Rey Barbier. Actualmente estudiante de Psicología en la Universidad Veracruzana. Nació el 7 de septiembre de 1997 y ha escrito una variedad de textos desde los trece años. Su primera experiencia en un certamen de escritura fue en el presente año, en el Concurso de Relato corto, organizado en la Facultad de Psicología de la UV. En el que obtuvo el segundo lugar con el relato que lleva por nombre “El retrato de Gera” y por lo cual desea seguir participando en otros concursos a futuro.
El retrato de Gera
Gerardo Valverde, o sólo Gera, como lo conocían aquellos que tocaban de vez en cuando su puerta preguntando por un artista. Buscaba desesperado entre el polvillo que deja el grafito al amor de su vida. Se lo restriega entre los dedos para comenzar así otro retrato. Uno con una esencia nueva; que le hiciera sentir más vivo con cada detalle y menos triste con cada trazo.

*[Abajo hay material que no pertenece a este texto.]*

(* Let $K\ge2$, $a\ge0$ and $b>aK$. Let $\mathbf v=(-a+b,-b,0,\dots,0)'\in\mathbb{R}^K$ and $v(t)=t\mathbf v$, $t\ge0$. Then the solution of the Skorokhod problem for $v$ with respect to the matrix $\mathscr R$ satisfies $\Gamma_2(v)(t)=t\mathbf v_1$ for all $t\ge0$, where $\mathbf v_1=(b/K-a,0,\dots,0)'$.
   Context: $\mathscr R$ is the $K\times K$ matrix with $\mathscr R_{ii}=1$ for all $i$, $\mathscr R_{i,i+1}=-1/2$ for $i\le K-1$, $\mathscr R_{2,1}=-1$, $\mathscr R_{i,i-1}=-1/2$ for $3\le i\le K$, and all other entries $0$. For a right-continuous-with-left-limits path $x:[0,\infty)\to\mathbb{R}^K$ with $x(0)\ge0$, the Skorokhod problem for $x$ with respect to $\mathscr R$ has a unique solution $(\eta,y)$ of $\mathbb{R}_+^K$-valued paths such that $y(t)=x(t)+\mathscr R\eta(t)$ for all $t$, and for each $i$: $\eta_i(0)=0$, $\eta_i$ is nondecreasing, and $\int_0^\infty y_i(t)d\eta_i(t)=0$. Write $\Gamma(x)=(\Gamma_1(x),\Gamma_2(x))=(\eta,y)$. *)

theory Defs
  imports "HOL-Analysis.Analysis"
begin

text \<open>Paths with values in R^K are represented as functions  real => nat => real,
  components indexed by 1..K.  Convention: a path is only relevant for t >= 0 and
  indices in 1..K; the solution paths of the Skorokhod problem are normalised to be 0
  for t < 0 and for indices outside 1..K (so that the solution is unique as an object).\<close>

definition Rmat :: "nat \<Rightarrow> nat \<Rightarrow> nat \<Rightarrow> real" where
  "Rmat K i j =
     (if i = j then 1
      else if j = i + 1 \<and> i \<le> K - 1 then - 1 / 2
      else if i = 2 \<and> j = 1 then - 1
      else if 3 \<le> i \<and> i \<le> K \<and> j + 1 = i then - 1 / 2
      else 0)"

text \<open>The integral of y_i against d eta_i over [0,oo) is the Lebesgue--Stieltjes integral
  (eta_i is nondecreasing and right-continuous, extended by 0 to t < 0, so there is
  no atom at 0 since eta_i(0) = 0).\<close>

definition SP_sol :: "nat \<Rightarrow> (real \<Rightarrow> nat \<Rightarrow> real) \<Rightarrow> (real \<Rightarrow> nat \<Rightarrow> real)
                       \<Rightarrow> (real \<Rightarrow> nat \<Rightarrow> real) \<Rightarrow> bool" where
  "SP_sol K x eta y \<longleftrightarrow>
     (\<forall>t i. (t < 0 \<or> i \<notin> {1..K}) \<longrightarrow> eta t i = 0 \<and> y t i = 0) \<and>
     (\<forall>t \<ge> 0. \<forall>i \<in> {1..K}. y t i = x t i + (\<Sum>j = 1..K. Rmat K i j * eta t j)) \<and>
     (\<forall>t \<ge> 0. \<forall>i \<in> {1..K}. 0 \<le> y t i \<and> 0 \<le> eta t i) \<and>
     (\<forall>i \<in> {1..K}. eta 0 i = 0) \<and>
     (\<forall>i \<in> {1..K}. mono (\<lambda>t. eta t i)) \<and>
     (\<forall>i \<in> {1..K}. \<forall>t. continuous (at_right t) (\<lambda>s. eta s i)) \<and>
     (\<forall>i \<in> {1..K}.
        (\<integral>\<^sup>+ t. ennreal (y t i) * indicator {0..} t \<partial>interval_measure (\<lambda>s. eta s i)) = 0)"

definition Gamma :: "nat \<Rightarrow> (real \<Rightarrow> nat \<Rightarrow> real)
                       \<Rightarrow> (real \<Rightarrow> nat \<Rightarrow> real) \<times> (real \<Rightarrow> nat \<Rightarrow> real)" where
  "Gamma K x = (THE p. SP_sol K x (fst p) (snd p))"

definition Gamma1 where "Gamma1 K x = fst (Gamma K x)"
definition Gamma2 where "Gamma2 K x = snd (Gamma K x)"

end

theory Submission
  imports Defs "HOL-Probability.Distribution_Functions"
begin
(* Let $1<\theta<e^3$ with $\log\theta$ irrational, and let $a_k,B_k,\lambda_k$ be associated to the simple continued fraction of $2/\log\theta$. For each $n\in\mathcal A_\theta$ there exist positive integers $c,k$ such that $n=cB_{2k-1}$ and $\lambda_{2k}>\frac{6c^2}{\log\theta}$.
   Context: $\log$ is the natural logarithm; $M'_\theta(n)=\left\lfloor 1/(\theta^{1/n}-1)\right\rfloor$ and $\mathcal A_\theta=\{n\in\mathbb N: M'_\theta(n)\neq \lfloor n/\log\theta-1/2\rfloor\}$. For an irrational $\alpha=[a_0;a_1,a_2,\dots]$ (simple continued fraction, $a_0\in\mathbb Z$, $a_k\ge1$ for $k\ge1$), $A_k/B_k=[a_0;a_1,\dots,a_k]$ is the $k$th convergent in lowest terms with $B_k>0$, and $\lambda_k=[0;a_{k-1},a_{k-2},\dots,a_1]+[a_k;a_{k+1},a_{k+2},\dots]$. *)

theory Defs
  imports Complex_Main
begin

text \<open>Complete quotients of the simple continued fraction of a real alpha:
  alpha_0 = alpha, alpha_(k+1) = 1 / frac(alpha_k).  For irrational alpha these are
  exactly the tails [a_k; a_(k+1), ...].\<close>
fun cf_rest :: "real \<Rightarrow> nat \<Rightarrow> real" where
  "cf_rest x 0 = x"
| "cf_rest x (Suc k) = 1 / frac (cf_rest x k)"

definition cf_a :: "real \<Rightarrow> nat \<Rightarrow> int" where
  "cf_a x k = \<lfloor>cf_rest x k\<rfloor>"

fun cf_val :: "int list \<Rightarrow> 'a::field" where
  "cf_val [] = 0"
| "cf_val [x] = of_int x"
| "cf_val (x # y # ys) = of_int x + 1 / cf_val (y # ys)"

definition cf_B :: "real \<Rightarrow> nat \<Rightarrow> int" where
  "cf_B x k = snd (quotient_of (cf_val (map (cf_a x) [0..<Suc k]) :: rat))"

definition cf_lambda :: "real \<Rightarrow> nat \<Rightarrow> real" where
  "cf_lambda x k = cf_val (0 # map (cf_a x) (rev [1..<k])) + cf_rest x k"

definition M' :: "real \<Rightarrow> nat \<Rightarrow> int" where
  "M' \<theta> n = \<lfloor>1 / (\<theta> powr (1 / real n) - 1)\<rfloor>"

definition A_set :: "real \<Rightarrow> nat set" where
  "A_set \<theta> = {n. n \<ge> 1 \<and> M' \<theta> n \<noteq> \<lfloor>real n / ln \<theta> - 1/2\<rfloor>}"

end

theory Submission
  imports Defs
begin

(* Put L = ln theta and alpha = 2/L.  The Laurent expansion
   1/(e^x - 1) = 1/x - 1/2 + x/12 - ... gives, for x = L/n,
     n/L - 1/2 < 1/(theta^(1/n) - 1) < n/L - 1/2 + L/(12 n),
   so if the two floors in the definition of A_theta differ, some integer f lies in
   (n/L - 1/2, n/L - 1/2 + L/(12 n)); then p = 2f + 1 satisfies
     0 < p - n alpha < L/(6 n).
   Cancelling c = gcd(p, n) gives a reduced fraction p'/q' with
   0 < p' - q' alpha < L/(6 c^2 q') <= 1/(2 q'), so by Legendre's theorem p'/q' is a
   convergent A_j/B_j; the sign of the error forces j to be odd, and the classical
   identity |B_j alpha - A_j| = 1/(B_j lambda_(j+1)) turns the error bound into
   lambda_(j+1) > 6 c^2 / L. *)

section \<open>Continuants and finite continued fractions\<close>

text \<open>Continuants of a sequence b, shifted by two so that they start at index 0:
  cont_num b (k+2) / cont_den b (k+2) is the convergent [b 0; b 1, ..., b k].\<close>
fun cont_num :: "(nat \<Rightarrow> int) \<Rightarrow> nat \<Rightarrow> int" where
  "cont_num b 0 = 0"
| "cont_num b (Suc 0) = 1"
| "cont_num b (Suc (Suc n)) = b n * cont_num b (Suc n) + cont_num b n"

fun cont_den :: "(nat \<Rightarrow> int) \<Rightarrow> nat \<Rightarrow> int" where
  "cont_den b 0 = 1"
| "cont_den b (Suc 0) = 0"
| "cont_den b (Suc (Suc n)) = b n * cont_den b (Suc n) + cont_den b n"

text \<open>A finite continued fraction with arbitrary entries in a field; unlike cf_val it
  allows a non-integral last entry, which is needed to express a number through its
  complete quotients.\<close>
fun cf_field :: "'a::field list \<Rightarrow> 'a" where
  "cf_field [] = 0"
| "cf_field [x] = x"
| "cf_field (x # y # ys) = x + 1 / cf_field (y # ys)"

lemma cf_val_eq_cf_field: "(cf_val l :: 'a::field) = cf_field (map of_int l)"
  by (induction l rule: cf_val.induct) auto

lemma cf_field_Cons: "ys \<noteq> [] \<Longrightarrow> cf_field (z # ys) = z + 1 / cf_field ys"
  by (cases ys) auto

lemma cf_field_merge_last: "cf_field (xs @ [x, y]) = cf_field (xs @ [x + 1 / y])"
  by (induction xs) (simp_all add: cf_field_Cons)

lemma cont_det: "cont_num b (Suc n) * cont_den b n - cont_num b n * cont_den b (Suc n) = (-1) ^ n"
  by (induction n) (simp_all add: algebra_simps)

lemma coprime_cont: "coprime (cont_num b n) (cont_den b n)"
proof (cases n)
  case (Suc m)
  define g where "g = gcd (cont_num b (Suc m)) (cont_den b (Suc m))"
  have "g dvd cont_num b (Suc m) * cont_den b m - cont_num b m * cont_den b (Suc m)"
    unfolding g_def by (rule dvd_diff[OF dvd_mult2[OF gcd_dvd1] dvd_mult[OF gcd_dvd2]])
  then have "g dvd (-1) ^ m" by (simp only: cont_det)
  then have "is_unit g" by (rule dvd_unit_imp_unit) simp
  then show ?thesis unfolding g_def Suc by (simp add: coprime_iff_gcd_eq_1)
qed simp

lemma reduced_denominator_unique:
  fixes a b c d :: int
  assumes "coprime a b" "b > 0" "coprime c d" "d > 0" "a * d = c * b"
  shows "b = d"
proof -
  have "b dvd a * d" using assms(5) by simp
  then have "b dvd d" using assms(1) by (metis coprime_commute coprime_dvd_mult_right_iff)
  moreover have "d dvd c * b" using assms(5) by (metis dvd_triv_right)
  then have "d dvd b" using assms(3) by (metis coprime_commute coprime_dvd_mult_right_iff)
  ultimately show ?thesis using assms(2,4) by (simp add: zdvd_antisym_nonneg)
qed

text \<open>Consecutive continuant vectors form a basis of Z^2 (their determinant is +-1), so
  every integer pair has integer coordinates with respect to them.\<close>
lemma cont_coordinates:
  "\<exists>u v. p = u * cont_num b (Suc n) + v * cont_num b (Suc (Suc n))
       \<and> q = u * cont_den b (Suc n) + v * cont_den b (Suc (Suc n))"
proof -
  define P where "P = cont_num b (Suc n)"
  define Q where "Q = cont_den b (Suc n)"
  define P1 where "P1 = cont_num b (Suc (Suc n))"
  define Q1 where "Q1 = cont_den b (Suc (Suc n))"
  define \<Delta> where "\<Delta> = P * Q1 - P1 * Q"
  have "\<Delta> = - ((-1) ^ Suc n)"
    using cont_det[of b "Suc n"] unfolding \<Delta>_def P_def Q_def P1_def Q1_def by simp
  then have unimod: "\<Delta> * \<Delta> = 1" by (simp flip: power_add)
  define u where "u = (p * Q1 - q * P1) * \<Delta>"
  define v where "v = (P * q - Q * p) * \<Delta>"
  have "u * P + v * P1 = (\<Delta> * \<Delta>) * p" "u * Q + v * Q1 = (\<Delta> * \<Delta>) * q"
    unfolding u_def v_def \<Delta>_def by (simp_all add: algebra_simps)
  then show ?thesis using unimod unfolding P_def Q_def P1_def Q1_def by auto
qed

lemma coordinate_signs:
  fixes u v q Q Q1 :: int
  assumes q: "q = u * Q + v * Q1" "0 < q" "q < Q1" and Q: "Q \<ge> 1" "Q1 \<ge> 1"
  shows "u \<noteq> 0 \<and> u * v \<le> 0"
proof (intro conjI notI)
  assume "u = 0"
  then have "q = v * Q1" using q by simp
  then show False
    using q Q mult_right_mono[of 1 v Q1] mult_nonpos_nonneg[of v Q1] by (cases "v \<le> 0") auto
next
  show "u * v \<le> 0"
  proof (rule ccontr)
    assume "\<not> u * v \<le> 0"
    then have "(u > 0 \<and> v > 0) \<or> (u < 0 \<and> v < 0)" by (metis not_le zero_less_mult_iff)
    then show False
    proof
      assume "u > 0 \<and> v > 0"
      then have "u * Q \<ge> 0" "v * Q1 \<ge> 1 * Q1" using Q by (auto intro: mult_right_mono)
      then show False using q by simp
    next
      assume "u < 0 \<and> v < 0"
      then have "u * Q < 0" "v * Q1 < 0" using Q by (auto simp: mult_neg_pos)
      then show False using q by simp
    qed
  qed
qed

Gera no se había acostado con nadie, al menos no en mucho tiempo; pero eso no le impidió sentir que tuvo posesión de numerosos cuerpos, uno por cada ocasión en la que su lápiz se deslizaba sobre las pulposas hojas de su cuaderno. Esas que parecían tener la capacidad de contener dentro de sus porosas fibras, el alma fugaz de quienes posan para él. Haciendo del lugar donde se concentra el grafito, la cumbre de toda magia.
Cada trazo era un beso y los difuminaba hasta desaparecer, uno a uno con las desgastadas yemas de sus dedos. Otra noche, otro dibujo, otro amor, pero nunca el amor de su vida. Nunca parecía satisfecho al terminar una obra; la necesidad de gratificación inmediata lo mantenía atrapado en una constante búsqueda de estímulos que ni él mismo se lograba explicar.
Un día, Gera se despertó de un pesado sueño, sólo para mirarse al espejo con repentina angustia. Pasaron años desde la última vez que se observó con detenimiento, no se recordaba tan desangelado y macilento. Se le hizo incómodo reconocer las visibles venas que recorrían el mapeado de su abdomen con estrías; los nudillos protuberantes hospedados en lo que alguna vez fueron delicadas manos y los pómulos elevados que lo promovieron a un estatus de musa en su juventud, pero que ahora no parecían otra cosa que simples abultamientos. No quedaba ya albor en su cuerpo; no era ni musa, ni ángel y mucho menos a quien la gente llamaría hermoso.
Ante la catarsis en su espejo, Gera se acarició con amor el rostro; impregnando su piel con los restos de grafito que ya solían reposar de forma permanente en sus dedos. Su tez se parecía más a un lienzo en blanco; fibroso, como la pulpa del papel que atrapa los montoncitos de carboncillo en sus porosidades. Por más convaleciente que se viera en el reflejo, Gera no percibió en sí mismo la decadencia que advierte en los demás.
Ver la dramática forma en que sus costillas se hundían con cada respiración lo hizo exaltarse.
—Qué sublime —pensó, mientras una inspiración profunda le encendía los pulmones.
Se vio transformado en una pieza de arte viviente, en un reflejo exacto de aquello que le aquejaba del mundo y que nunca se hubiera visto en la capacidad de retratar, a no ser que lo padeciera. La estética simple había dejado de ser hace mucho, el objeto de admiración del hombre que sólo podía vivir de excesos nocturnos y de pintar retratos. La belleza nunca supo de sacrificarse así.
Entonces, levantó un lápiz y los polvos del áspero grafito, mientras que el corazón; empujando su esternón aparatosamente hacia adelante con cada latido, buscaba salírsele del pecho. Quería dibujarse antes de terminar muerto por los besos de la nieve, esos besos escarchados que, durante sus noches enajenado en la posesión de tantos cuerpos, se vio encargado de conseguir.
Gera no soltó el lápiz hasta que su corazón se detuvo. Se había arrancado a si mismo él aliento. Fue hasta ese momento que supo, que él era el amor de su vida.